I tested the default on x86_64 ubuntu, which seems to default to
FTZ/DAZ, but am guessing for x86 and PS4.

Diff Detail

Event Timeline

arsenm created this revision.Nov 7 2019, 5:45 PM

Herald added a subscriber: wdng. · View Herald TranscriptNov 7 2019, 5:45 PM

arsenm added a parent revision: D69978: Separately track input and output denormal mode.Nov 7 2019, 5:46 PM

craig.topper added a reviewer: andrew.w.kaylor.Nov 7 2019, 6:00 PM

I checked Redhat 7.4 that's on the server I'm using for work. And I had a coworker check his Ubuntu 18.04 system with this program. And both systems printed 1f80 as the value of MXCSR which shows FTZ and DAZ are both 0. Are you seeing something different?

#include <x86intrin.h>
#include <stdio.h>

int main() {
  int csr = _mm_getcsr();
  printf("%x\n", csr);
  return 0;
}

In D69979#1738099, @craig.topper wrote:

I checked Redhat 7.4 that's on the server I'm using for work. And I had a coworker check his Ubuntu 18.04 system with this program. And both systems printed 1f80 as the value of MXCSR which shows FTZ and DAZ are both 0. Are you seeing something different?

AFAIK, x86(-64) Linux is IEEE-compliant by default. It's only when compiling with -ffast-math that clang/gcc link in the startup routine to set FTZ/DAZ. So this patch should use that same mechanism to set the denorm mode. See:
https://reviews.llvm.org/rL165240

@RKSimon - is it the same on PS4?

Also, I may have missed some discussions. Does this patch series replace the proposal to add instruction-level FMF for denorms?
http://lists.llvm.org/pipermail/llvm-dev/2019-September/135183.html

Ie, did we decide that a function-level attribute is good enough?

In D69979#1738723, @spatel wrote:

Also, I may have missed some discussions. Does this patch series replace the proposal to add instruction-level FMF for denorms?
http://lists.llvm.org/pipermail/llvm-dev/2019-September/135183.html

Ie, did we decide that a function-level attribute is good enough?

I think this is an orthogonal question. I would still find a ftz flag useful even in the presence of this attribute indicating flushing.

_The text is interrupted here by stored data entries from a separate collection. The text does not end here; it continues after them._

(* Let $R$ be a commutative ring with unit element, $X$ a set, $F\subseteq R\langle X\rangle$ and $f\in(F)$. Let $Q=(V,E,X,s,t,l)$ be a labelled quiver such that $f$ is compatible with $Q$ and all elements of $F$ are uniformly compatible with $Q$. Then, for every $R$-linear category $\mathcal{C}$ and every representation $\mathcal{R}=(\mathcal{V},\varphi)$ of $Q$ in $\mathcal{C}$ that is consistent with the labelling $l$ and such that every realization of every element of $F$ with respect to $\mathcal{R}$ is zero, every realization of $f$ with respect to $\mathcal{R}$ is zero.
   Context: $R\langle X\rangle$ is the free algebra of noncommutative polynomials over $R$ in indeterminates $X$, with monomials the words in $\langle X\rangle$ (including the empty word $1$); $\operatorname{supp}(f)$ is the set of monomials with nonzero coefficient; $(F)$ is the two-sided ideal generated by $F$. A labelled quiver $Q=(V,E,X,s,t,l)$ has vertices $V$, edges $E$, source/target maps $s,t:E\to V$ and labelling $l:E\to X$. A nonempty path $p=e_n\cdots e_1$ (with $s(e_{i+1})=t(e_i)$) has label $l(e_n)\cdots l(e_1)$, source $s(e_1)$, target $t(e_n)$; each vertex $v$ has an empty path with label $1$ and source and target $v$. For a monomial $m$, $\sigma(m)=\{(s(p),t(p)) : p \text{ a path with } l(p)=m\}$; for a polynomial $f$, $\sigma(f)=\bigcap_{m\in\operatorname{supp}(f)}\sigma(m)$ (so $\sigma(0)=V\times V$). $f$ is compatible with $Q$ if $\sigma(f)\neq\emptyset$, and uniformly compatible if it is compatible and all $m\in\operatorname{supp}(f)$ have the same set $\sigma(m)$. $R\langle X\rangle_{v,w}=\{f : (v,w)\in\sigma(f)\}$. A category $\mathcal{C}$ is $R$-linear if every $\operatorname{Hom}_{\mathcal{C}}(A,B)$ is an $R$-module and composition is $R$-bilinear. A representation $(\mathcal{V},\varphi)$ of $Q$ in $\mathcal{C}$ assigns to each vertex $v$ an object $\mathcal{V}_v$ and to each edge $e$ a morphism $\varphi(e)\in\operatorname{Hom}_{\mathcal{C}}(\mathcal{V}_{s(e)},\mathcal{V}_{t(e)})$; it is consistent with $l$ if for any two nonempty paths $e_n\cdots e_1$ and $d_n\cdots d_1$ with the same source and target and equal labels, $\varphi(e_n)\cdots\varphi(e_1)=\varphi(d_n)\cdots\varphi(d_1)$. For a consistent representation and $v,w\in V$, $\varphi_{v,w}:R\langle X\rangle_{v,w}\to\operatorname{Hom}_{\mathcal{C}}(\mathcal{V}_v,\mathcal{V}_w)$ is the $R$-linear map with $\varphi_{v,w}(l(e_n\cdots e_1))=\varphi(e_n)\cdots\varphi(e_1)$ for nonempty paths $e_n\cdots e_1$ from $v$ to $w$, and $\varphi_{v,v}(1)=1_{\mathcal{V}_v}$. For $f\in R\langle X\rangle_{v,w}$, $\varphi_{v,w}(f)$ is called a realization of $f$; the realizations of $f$ are all $\varphi_{v,w}(f)$ with $(v,w)\in\sigma(f)$. *)

theory Defs
  imports "HOL-Library.Poly_Mapping"
begin

text \<open>A noncommutative polynomial over R in indeterminates of type 'x is a finitely
supported function from words (lists over 'x; the empty list is the empty word 1)
to R. The monomial x_n ... x_1 is the list [x_n, ..., x_1]. supp f = Poly_Mapping.keys f.\<close>

type_synonym ('x, 'r) ncpoly = "'x list \<Rightarrow>\<^sub>0 'r"

definition nc_mult :: "('x, 'r::comm_ring_1) ncpoly \<Rightarrow> ('x, 'r) ncpoly \<Rightarrow> ('x, 'r) ncpoly" where
  "nc_mult f g = (\<Sum>m\<in>Poly_Mapping.keys f. \<Sum>n\<in>Poly_Mapping.keys g. Poly_Mapping.single (m @ n) (Poly_Mapping.lookup f m * Poly_Mapping.lookup g n))"

inductive_set nc_ideal :: "('x, 'r::comm_ring_1) ncpoly set \<Rightarrow> ('x, 'r) ncpoly set"
  for F :: "('x, 'r) ncpoly set" where
  gen: "f \<in> F \<Longrightarrow> f \<in> nc_ideal F"
| zero: "0 \<in> nc_ideal F"
| add: "f \<in> nc_ideal F \<Longrightarrow> g \<in> nc_ideal F \<Longrightarrow> f + g \<in> nc_ideal F"
| lmult: "f \<in> nc_ideal F \<Longrightarrow> nc_mult a f \<in> nc_ideal F"
| rmult: "f \<in> nc_ideal F \<Longrightarrow> nc_mult f a \<in> nc_ideal F"

text \<open>A nonempty path e_n ... e_1 is the list [e_n, ..., e_1]; its label is map l,
its source s (last es), its target t (hd es).\<close>

definition quiver :: "'v set \<Rightarrow> 'e set \<Rightarrow> ('e \<Rightarrow> 'v) \<Rightarrow> ('e \<Rightarrow> 'v) \<Rightarrow> bool" where
  "quiver V E s t \<longleftrightarrow> s ` E \<subseteq> V \<and> t ` E \<subseteq> V"

definition is_path :: "'e set \<Rightarrow> ('e \<Rightarrow> 'v) \<Rightarrow> ('e \<Rightarrow> 'v) \<Rightarrow> 'e list \<Rightarrow> bool" where
  "is_path E s t es \<longleftrightarrow> es \<noteq> [] \<and> set es \<subseteq> E \<and>
     (\<forall>i. Suc i < length es \<longrightarrow> s (es ! i) = t (es ! Suc i))"

definition sigma_mono :: "'v set \<Rightarrow> 'e set \<Rightarrow> ('e \<Rightarrow> 'v) \<Rightarrow> ('e \<Rightarrow> 'v) \<Rightarrow> ('e \<Rightarrow> 'x)
    \<Rightarrow> 'x list \<Rightarrow> ('v \<times> 'v) set" where
  "sigma_mono V E s t l m =
     {(v, w). (m = [] \<and> v = w \<and> v \<in> V) \<or>
              (\<exists>es. is_path E s t es \<and> map l es = m \<and> s (last es) = v \<and> t (hd es) = w)}"

text \<open>sigma(f) = intersection over supp f (so sigma(0) = V x V).\<close>

definition sigma :: "'v set \<Rightarrow> 'e set \<Rightarrow> ('e \<Rightarrow> 'v) \<Rightarrow> ('e \<Rightarrow> 'v) \<Rightarrow> ('e \<Rightarrow> 'x)
    \<Rightarrow> ('x, 'r::comm_ring_1) ncpoly \<Rightarrow> ('v \<times> 'v) set" where
  "sigma V E s t l f = {p \<in> V \<times> V. \<forall>m\<in>Poly_Mapping.keys f. p \<in> sigma_mono V E s t l m}"

definition compatible where
  "compatible V E s t l f \<longleftrightarrow> sigma V E s t l f \<noteq> {}"

definition uniformly_compatible where
  "uniformly_compatible V E s t l f \<longleftrightarrow> compatible V E s t l f \<and>
     (\<forall>m\<in>Poly_Mapping.keys f. \<forall>m'\<in>Poly_Mapping.keys f. sigma_mono V E s t l m = sigma_mono V E s t l m')"

text \<open>A category with objects of type 'o and morphisms of type 'm. lc_hom C A B is
Hom(A,B); lc_cmp C A B D g f is the composite g o f of f : A -> B and g : B -> D;
lc_idm C A is the identity of A; lc_add, lc_zero, lc_smult give the R-module
structure on Hom(A,B).\<close>

record ('o, 'm, 'r) lcat =
  lc_hom :: "'o \<Rightarrow> 'o \<Rightarrow> 'm set"
  lc_cmp :: "'o \<Rightarrow> 'o \<Rightarrow> 'o \<Rightarrow> 'm \<Rightarrow> 'm \<Rightarrow> 'm"
  lc_idm :: "'o \<Rightarrow> 'm"
  lc_add :: "'o \<Rightarrow> 'o \<Rightarrow> 'm \<Rightarrow> 'm \<Rightarrow> 'm"
  lc_zero :: "'o \<Rightarrow> 'o \<Rightarrow> 'm"
  lc_smult :: "'o \<Rightarrow> 'o \<Rightarrow> 'r \<Rightarrow> 'm \<Rightarrow> 'm"

definition is_category :: "('o, 'm, 'r, 'z) lcat_scheme \<Rightarrow> bool" where
  "is_category C \<longleftrightarrow>
     (\<forall>A. lc_idm C A \<in> lc_hom C A A) \<and>
     (\<forall>A B D f g. f \<in> lc_hom C A B \<longrightarrow> g \<in> lc_hom C B D \<longrightarrow> lc_cmp C A B D g f \<in> lc_hom C A D) \<and>
     (\<forall>A B D G f g h. f \<in> lc_hom C A B \<longrightarrow> g \<in> lc_hom C B D \<longrightarrow> h \<in> lc_hom C D G \<longrightarrow>
        lc_cmp C A D G h (lc_cmp C A B D g f) = lc_cmp C A B G (lc_cmp C B D G h g) f) \<and>
     (\<forall>A B f. f \<in> lc_hom C A B \<longrightarrow> lc_cmp C A A B f (lc_idm C A) = f \<and> lc_cmp C A B B (lc_idm C B) f = f)"

definition hom_modules :: "('o, 'm, 'r::comm_ring_1, 'z) lcat_scheme \<Rightarrow> bool" where
  "hom_modules C \<longleftrightarrow> (\<forall>A B. let H = lc_hom C A B; add = lc_add C A B; z = lc_zero C A B;
        sm = lc_smult C A B in
     z \<in> H \<and>
     (\<forall>f\<in>H. \<forall>g\<in>H. add f g \<in> H) \<and>
     (\<forall>r. \<forall>f\<in>H. sm r f \<in> H) \<and>
     (\<forall>f\<in>H. \<forall>g\<in>H. \<forall>h\<in>H. add (add f g) h = add f (add g h)) \<and>
     (\<forall>f\<in>H. \<forall>g\<in>H. add f g = add g f) \<and>
     (\<forall>f\<in>H. add z f = f) \<and>
     (\<forall>f\<in>H. \<exists>g\<in>H. add f g = z) \<and>
     (\<forall>r. \<forall>f\<in>H. \<forall>g\<in>H. sm r (add f g) = add (sm r f) (sm r g)) \<and>
     (\<forall>r r'. \<forall>f\<in>H. sm (r + r') f = add (sm r f) (sm r' f)) \<and>
     (\<forall>r r'. \<forall>f\<in>H. sm (r * r') f = sm r (sm r' f)) \<and>
     (\<forall>f\<in>H. sm 1 f = f))"

definition bilinear_comp :: "('o, 'm, 'r::comm_ring_1, 'z) lcat_scheme \<Rightarrow> bool" where
  "bilinear_comp C \<longleftrightarrow>
     (\<forall>A B D f f' g g' r. f \<in> lc_hom C A B \<longrightarrow> f' \<in> lc_hom C A B \<longrightarrow>
        g \<in> lc_hom C B D \<longrightarrow> g' \<in> lc_hom C B D \<longrightarrow>
        lc_cmp C A B D (lc_add C B D g g') f = lc_add C A D (lc_cmp C A B D g f) (lc_cmp C A B D g' f) \<and>
        lc_cmp C A B D g (lc_add C A B f f') = lc_add C A D (lc_cmp C A B D g f) (lc_cmp C A B D g f') \<and>
        lc_cmp C A B D (lc_smult C B D r g) f = lc_smult C A D r (lc_cmp C A B D g f) \<and>
        lc_cmp C A B D g (lc_smult C A B r f) = lc_smult C A D r (lc_cmp C A B D g f))"

definition R_linear_category :: "('o, 'm, 'r::comm_ring_1, 'z) lcat_scheme \<Rightarrow> bool" where
  "R_linear_category C \<longleftrightarrow> is_category C \<and> hom_modules C \<and> bilinear_comp C"

definition representation ::
  "('o, 'm, 'r, 'z) lcat_scheme \<Rightarrow> 'v set \<Rightarrow> 'e set \<Rightarrow> ('e \<Rightarrow> 'v) \<Rightarrow> ('e \<Rightarrow> 'v)
     \<Rightarrow> ('v \<Rightarrow> 'o) \<Rightarrow> ('e \<Rightarrow> 'm) \<Rightarrow> bool" where
  "representation C V E s t Vo phi \<longleftrightarrow> (\<forall>e\<in>E. phi e \<in> lc_hom C (Vo (s e)) (Vo (t e)))"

For AMDGPU it would be useful with a specific instruction context to allow flushing even when the default mode is set to not flush. For example llvm.fmuladd could be emitted with an ftz flag which would select to an instruction that would ordinarily be illegal if denormals are enabled

In D69979#1738099, @craig.topper wrote:
I checked Redhat 7.4 that's on the server I'm using for work. And I had a coworker check his Ubuntu 18.04 system with this program. And both systems printed 1f80 as the value of MXCSR which shows FTZ and DAZ are both 0. Are you seeing something different?
#include <x86intrin.h>
#include <stdio.h>

int main() {
  int csr = _mm_getcsr();
  printf("%x\n", csr);
  return 0;
}

I see the value as 1f80. However the test program I wrote suggests the default is to flush (and what the comments in bug 34994 suggest?):

In default FP mode
neg_subnormal + neg_subnormal: -0x0p+0
neg_subnormal + neg_zero: -0x0p+0
sqrtf subnormal: 0x0p+0
sqrtf neg_subnormal: -0x0p+0
sqrtf neg_zero: -0x0p+0

With denormals disabled
neg_subnormal + neg_subnormal: -0x0p+0
neg_subnormal + neg_zero: -0x0p+0
sqrtf subnormal: 0x0p+0
sqrtf neg_subnormal: -0x0p+0
sqrtf neg_zero: -0x0p+0

With denormals enabled
neg_subnormal + neg_subnormal: -0x1p-126
neg_subnormal + neg_zero: -0x1p-127
sqrtf subnormal: 0x1.6a09e6p-64
sqrtf neg_subnormal: -nan
sqrtf neg_zero: -0x0p+0

With daz only
neg_subnormal + neg_subnormal: -0x0p+0
neg_subnormal + neg_zero: -0x0p+0
sqrtf subnormal: 0x0p+0
sqrtf neg_subnormal: -0x0p+0
sqrtf neg_zero: -0x0p+0

With ftz only
neg_subnormal + neg_subnormal: -0x1p-126
neg_subnormal + neg_zero: -0x0p+0
sqrtf subnormal: 0x1.6a09e6p-64
sqrtf neg_subnormal: -nan
sqrtf neg_zero: -0x0p+0

In D69979#1740294, @arsenm wrote:
In D69979#1738099, @craig.topper wrote:
I checked Redhat 7.4 that's on the server I'm using for work. And I had a coworker check his Ubuntu 18.04 system with this program. And both systems printed 1f80 as the value of MXCSR which shows FTZ and DAZ are both 0. Are you seeing something different?
#include <x86intrin.h>
#include <stdio.h>

int main() {
  int csr = _mm_getcsr();
  printf("%x\n", csr);
  return 0;
}
I see the value as 1f80. However the test program I wrote suggests the default is to flush (and what the comments in bug 34994 suggest?):

Is the test program attached somewhere?
Bug 34994 (https://bugs.llvm.org/show_bug.cgi?id=34994) was limited to changing cases where we are running in some kind of loose-FP environment (otherwise, we would not be generating a sqrt estimate sequence at all). In the default (IEEE-compliant) environment, x86 would use a full-precision sqrt instruction or make a call to libm sqrt.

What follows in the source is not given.